Using the data that follows, return exactly the lines from the one that contains "t)) = 3 * t\<^sup>2" through the one that contains "proof (elim insertE emptyE)", ends included.

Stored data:
******

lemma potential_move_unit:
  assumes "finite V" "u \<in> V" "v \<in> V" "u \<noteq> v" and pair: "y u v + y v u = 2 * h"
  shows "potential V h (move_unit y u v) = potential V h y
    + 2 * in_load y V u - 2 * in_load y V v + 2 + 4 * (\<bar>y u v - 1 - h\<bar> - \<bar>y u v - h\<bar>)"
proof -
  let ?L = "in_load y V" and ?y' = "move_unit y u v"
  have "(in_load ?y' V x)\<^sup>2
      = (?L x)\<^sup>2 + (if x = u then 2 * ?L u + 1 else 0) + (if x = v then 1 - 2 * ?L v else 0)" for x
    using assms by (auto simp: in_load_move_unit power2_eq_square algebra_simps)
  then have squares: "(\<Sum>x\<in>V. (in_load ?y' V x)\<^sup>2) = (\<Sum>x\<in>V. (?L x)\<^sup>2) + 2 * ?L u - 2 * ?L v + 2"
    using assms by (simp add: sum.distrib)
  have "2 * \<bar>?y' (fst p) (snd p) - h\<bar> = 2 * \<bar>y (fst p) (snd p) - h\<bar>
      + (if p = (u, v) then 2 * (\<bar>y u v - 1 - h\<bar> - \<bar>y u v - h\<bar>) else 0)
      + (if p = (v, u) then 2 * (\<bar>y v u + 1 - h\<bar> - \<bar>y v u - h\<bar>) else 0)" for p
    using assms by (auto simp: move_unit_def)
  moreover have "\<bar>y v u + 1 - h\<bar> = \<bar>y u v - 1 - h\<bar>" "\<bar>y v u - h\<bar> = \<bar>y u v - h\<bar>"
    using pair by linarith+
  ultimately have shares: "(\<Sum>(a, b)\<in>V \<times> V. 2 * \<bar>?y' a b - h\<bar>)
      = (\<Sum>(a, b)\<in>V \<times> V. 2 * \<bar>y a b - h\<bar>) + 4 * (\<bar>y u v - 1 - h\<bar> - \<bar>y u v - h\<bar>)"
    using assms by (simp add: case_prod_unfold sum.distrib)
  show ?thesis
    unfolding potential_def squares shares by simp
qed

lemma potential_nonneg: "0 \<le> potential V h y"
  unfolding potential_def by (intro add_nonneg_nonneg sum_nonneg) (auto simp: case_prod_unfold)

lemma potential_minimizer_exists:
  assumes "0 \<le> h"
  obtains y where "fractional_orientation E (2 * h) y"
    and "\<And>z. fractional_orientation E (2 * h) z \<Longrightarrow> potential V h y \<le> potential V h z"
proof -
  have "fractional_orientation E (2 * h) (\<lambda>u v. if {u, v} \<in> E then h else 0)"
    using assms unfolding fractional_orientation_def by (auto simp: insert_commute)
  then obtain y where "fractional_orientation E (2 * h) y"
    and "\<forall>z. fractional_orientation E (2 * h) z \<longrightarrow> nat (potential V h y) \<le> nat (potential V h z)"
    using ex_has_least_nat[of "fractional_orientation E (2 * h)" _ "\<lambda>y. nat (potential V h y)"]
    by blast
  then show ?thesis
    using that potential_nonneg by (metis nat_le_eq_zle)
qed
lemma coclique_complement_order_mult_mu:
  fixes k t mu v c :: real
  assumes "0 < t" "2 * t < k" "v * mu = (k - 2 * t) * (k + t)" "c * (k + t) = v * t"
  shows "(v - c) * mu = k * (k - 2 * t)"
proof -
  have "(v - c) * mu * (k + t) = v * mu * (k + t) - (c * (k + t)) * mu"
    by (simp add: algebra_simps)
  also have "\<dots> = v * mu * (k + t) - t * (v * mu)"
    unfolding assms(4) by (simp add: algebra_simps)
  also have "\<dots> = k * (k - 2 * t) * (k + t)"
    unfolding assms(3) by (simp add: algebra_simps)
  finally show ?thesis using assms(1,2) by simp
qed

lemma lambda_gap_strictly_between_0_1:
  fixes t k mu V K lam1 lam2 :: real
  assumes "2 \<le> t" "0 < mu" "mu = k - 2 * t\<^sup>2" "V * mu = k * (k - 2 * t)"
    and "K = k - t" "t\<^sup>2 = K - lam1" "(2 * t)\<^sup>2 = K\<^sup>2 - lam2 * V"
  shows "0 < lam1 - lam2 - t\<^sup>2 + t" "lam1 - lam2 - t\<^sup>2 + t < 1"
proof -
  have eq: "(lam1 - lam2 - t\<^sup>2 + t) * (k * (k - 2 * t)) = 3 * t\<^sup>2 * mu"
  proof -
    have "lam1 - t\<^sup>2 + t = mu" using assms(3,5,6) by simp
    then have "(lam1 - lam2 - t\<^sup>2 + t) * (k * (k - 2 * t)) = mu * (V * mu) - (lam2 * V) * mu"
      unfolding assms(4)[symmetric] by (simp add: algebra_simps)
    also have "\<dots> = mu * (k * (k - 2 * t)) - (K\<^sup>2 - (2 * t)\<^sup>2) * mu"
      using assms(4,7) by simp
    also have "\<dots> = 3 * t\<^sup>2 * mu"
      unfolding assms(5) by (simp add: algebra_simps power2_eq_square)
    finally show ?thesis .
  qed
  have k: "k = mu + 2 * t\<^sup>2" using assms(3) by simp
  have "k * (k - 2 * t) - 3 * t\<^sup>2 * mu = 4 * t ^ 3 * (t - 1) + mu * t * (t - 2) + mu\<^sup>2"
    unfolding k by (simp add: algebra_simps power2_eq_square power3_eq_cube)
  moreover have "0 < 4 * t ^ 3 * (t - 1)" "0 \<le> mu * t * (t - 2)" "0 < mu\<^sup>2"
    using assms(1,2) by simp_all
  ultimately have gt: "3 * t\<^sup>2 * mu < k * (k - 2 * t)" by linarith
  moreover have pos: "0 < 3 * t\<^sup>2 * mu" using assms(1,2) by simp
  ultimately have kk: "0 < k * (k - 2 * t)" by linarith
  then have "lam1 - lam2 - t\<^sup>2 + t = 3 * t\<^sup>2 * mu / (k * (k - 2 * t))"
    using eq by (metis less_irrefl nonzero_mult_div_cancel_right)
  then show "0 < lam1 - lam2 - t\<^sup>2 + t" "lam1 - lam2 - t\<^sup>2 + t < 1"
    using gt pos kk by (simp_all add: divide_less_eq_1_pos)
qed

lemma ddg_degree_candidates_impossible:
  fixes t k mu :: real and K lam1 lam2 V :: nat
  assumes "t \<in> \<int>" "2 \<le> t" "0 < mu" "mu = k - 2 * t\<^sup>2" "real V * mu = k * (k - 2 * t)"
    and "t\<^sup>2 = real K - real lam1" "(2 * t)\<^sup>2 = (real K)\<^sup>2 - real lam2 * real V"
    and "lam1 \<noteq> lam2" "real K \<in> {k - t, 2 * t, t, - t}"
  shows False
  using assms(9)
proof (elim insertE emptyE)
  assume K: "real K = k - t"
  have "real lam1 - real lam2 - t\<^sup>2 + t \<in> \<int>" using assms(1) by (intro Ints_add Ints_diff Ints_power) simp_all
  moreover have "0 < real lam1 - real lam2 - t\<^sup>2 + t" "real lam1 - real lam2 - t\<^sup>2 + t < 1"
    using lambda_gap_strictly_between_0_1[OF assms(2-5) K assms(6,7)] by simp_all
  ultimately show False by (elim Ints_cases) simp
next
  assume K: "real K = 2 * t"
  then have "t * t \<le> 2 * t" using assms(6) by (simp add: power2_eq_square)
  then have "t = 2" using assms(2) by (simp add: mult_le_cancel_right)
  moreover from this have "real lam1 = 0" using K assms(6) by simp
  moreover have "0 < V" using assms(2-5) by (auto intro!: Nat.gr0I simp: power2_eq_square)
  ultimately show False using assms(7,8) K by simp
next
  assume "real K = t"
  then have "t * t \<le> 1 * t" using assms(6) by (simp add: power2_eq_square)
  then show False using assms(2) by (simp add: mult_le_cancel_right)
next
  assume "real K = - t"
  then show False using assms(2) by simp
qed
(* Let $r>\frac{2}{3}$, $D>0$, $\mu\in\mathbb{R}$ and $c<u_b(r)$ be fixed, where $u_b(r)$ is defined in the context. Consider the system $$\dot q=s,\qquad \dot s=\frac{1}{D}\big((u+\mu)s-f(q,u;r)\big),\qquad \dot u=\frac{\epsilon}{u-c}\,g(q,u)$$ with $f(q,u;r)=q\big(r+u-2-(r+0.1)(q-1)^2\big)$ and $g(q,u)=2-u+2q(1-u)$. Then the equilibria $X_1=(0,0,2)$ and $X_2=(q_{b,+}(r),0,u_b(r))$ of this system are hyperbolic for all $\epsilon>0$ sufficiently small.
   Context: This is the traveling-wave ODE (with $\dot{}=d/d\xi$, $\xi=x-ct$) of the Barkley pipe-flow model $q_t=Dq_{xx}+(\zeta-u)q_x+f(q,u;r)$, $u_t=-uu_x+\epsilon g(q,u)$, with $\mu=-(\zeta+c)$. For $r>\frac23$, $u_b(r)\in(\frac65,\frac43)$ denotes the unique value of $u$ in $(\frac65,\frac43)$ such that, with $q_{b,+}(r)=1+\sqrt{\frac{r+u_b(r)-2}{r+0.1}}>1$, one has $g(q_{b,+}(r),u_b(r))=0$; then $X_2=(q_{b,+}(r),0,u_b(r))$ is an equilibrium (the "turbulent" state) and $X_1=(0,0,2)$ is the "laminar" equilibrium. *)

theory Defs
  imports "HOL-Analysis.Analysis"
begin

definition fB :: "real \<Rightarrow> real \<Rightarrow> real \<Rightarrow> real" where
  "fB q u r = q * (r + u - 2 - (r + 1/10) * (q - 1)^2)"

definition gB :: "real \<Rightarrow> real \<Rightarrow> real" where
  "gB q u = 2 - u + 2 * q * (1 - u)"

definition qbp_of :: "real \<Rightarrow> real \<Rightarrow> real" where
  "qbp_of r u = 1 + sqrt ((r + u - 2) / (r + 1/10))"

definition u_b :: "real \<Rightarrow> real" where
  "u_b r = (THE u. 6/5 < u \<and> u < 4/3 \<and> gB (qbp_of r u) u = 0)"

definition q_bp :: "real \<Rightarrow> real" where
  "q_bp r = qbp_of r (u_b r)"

******

Problem solution:
  have eq: "(lam1 - lam2 - t\<^sup>2 + t) * (k * (k - 2 * t)) = 3 * t\<^sup>2 * mu"
  proof -
    have "lam1 - t\<^sup>2 + t = mu" using assms(3,5,6) by simp
    then have "(lam1 - lam2 - t\<^sup>2 + t) * (k * (k - 2 * t)) = mu * (V * mu) - (lam2 * V) * mu"
      unfolding assms(4)[symmetric] by (simp add: algebra_simps)
    also have "\<dots> = mu * (k * (k - 2 * t)) - (K\<^sup>2 - (2 * t)\<^sup>2) * mu"
      using assms(4,7) by simp
    also have "\<dots> = 3 * t\<^sup>2 * mu"
      unfolding assms(5) by (simp add: algebra_simps power2_eq_square)
    finally show ?thesis .
  qed
  have k: "k = mu + 2 * t\<^sup>2" using assms(3) by simp
  have "k * (k - 2 * t) - 3 * t\<^sup>2 * mu = 4 * t ^ 3 * (t - 1) + mu * t * (t - 2) + mu\<^sup>2"
    unfolding k by (simp add: algebra_simps power2_eq_square power3_eq_cube)
  moreover have "0 < 4 * t ^ 3 * (t - 1)" "0 \<le> mu * t * (t - 2)" "0 < mu\<^sup>2"
    using assms(1,2) by simp_all
  ultimately have gt: "3 * t\<^sup>2 * mu < k * (k - 2 * t)" by linarith
  moreover have pos: "0 < 3 * t\<^sup>2 * mu" using assms(1,2) by simp
  ultimately have kk: "0 < k * (k - 2 * t)" by linarith
  then have "lam1 - lam2 - t\<^sup>2 + t = 3 * t\<^sup>2 * mu / (k * (k - 2 * t))"
    using eq by (metis less_irrefl nonzero_mult_div_cancel_right)
  then show "0 < lam1 - lam2 - t\<^sup>2 + t" "lam1 - lam2 - t\<^sup>2 + t < 1"
    using gt pos kk by (simp_all add: divide_less_eq_1_pos)
qed

lemma ddg_degree_candidates_impossible:
  fixes t k mu :: real and K lam1 lam2 V :: nat
  assumes "t \<in> \<int>" "2 \<le> t" "0 < mu" "mu = k - 2 * t\<^sup>2" "real V * mu = k * (k - 2 * t)"
    and "t\<^sup>2 = real K - real lam1" "(2 * t)\<^sup>2 = (real K)\<^sup>2 - real lam2 * real V"
    and "lam1 \<noteq> lam2" "real K \<in> {k - t, 2 * t, t, - t}"
  shows False
  using assms(9)
proof (elim insertE emptyE)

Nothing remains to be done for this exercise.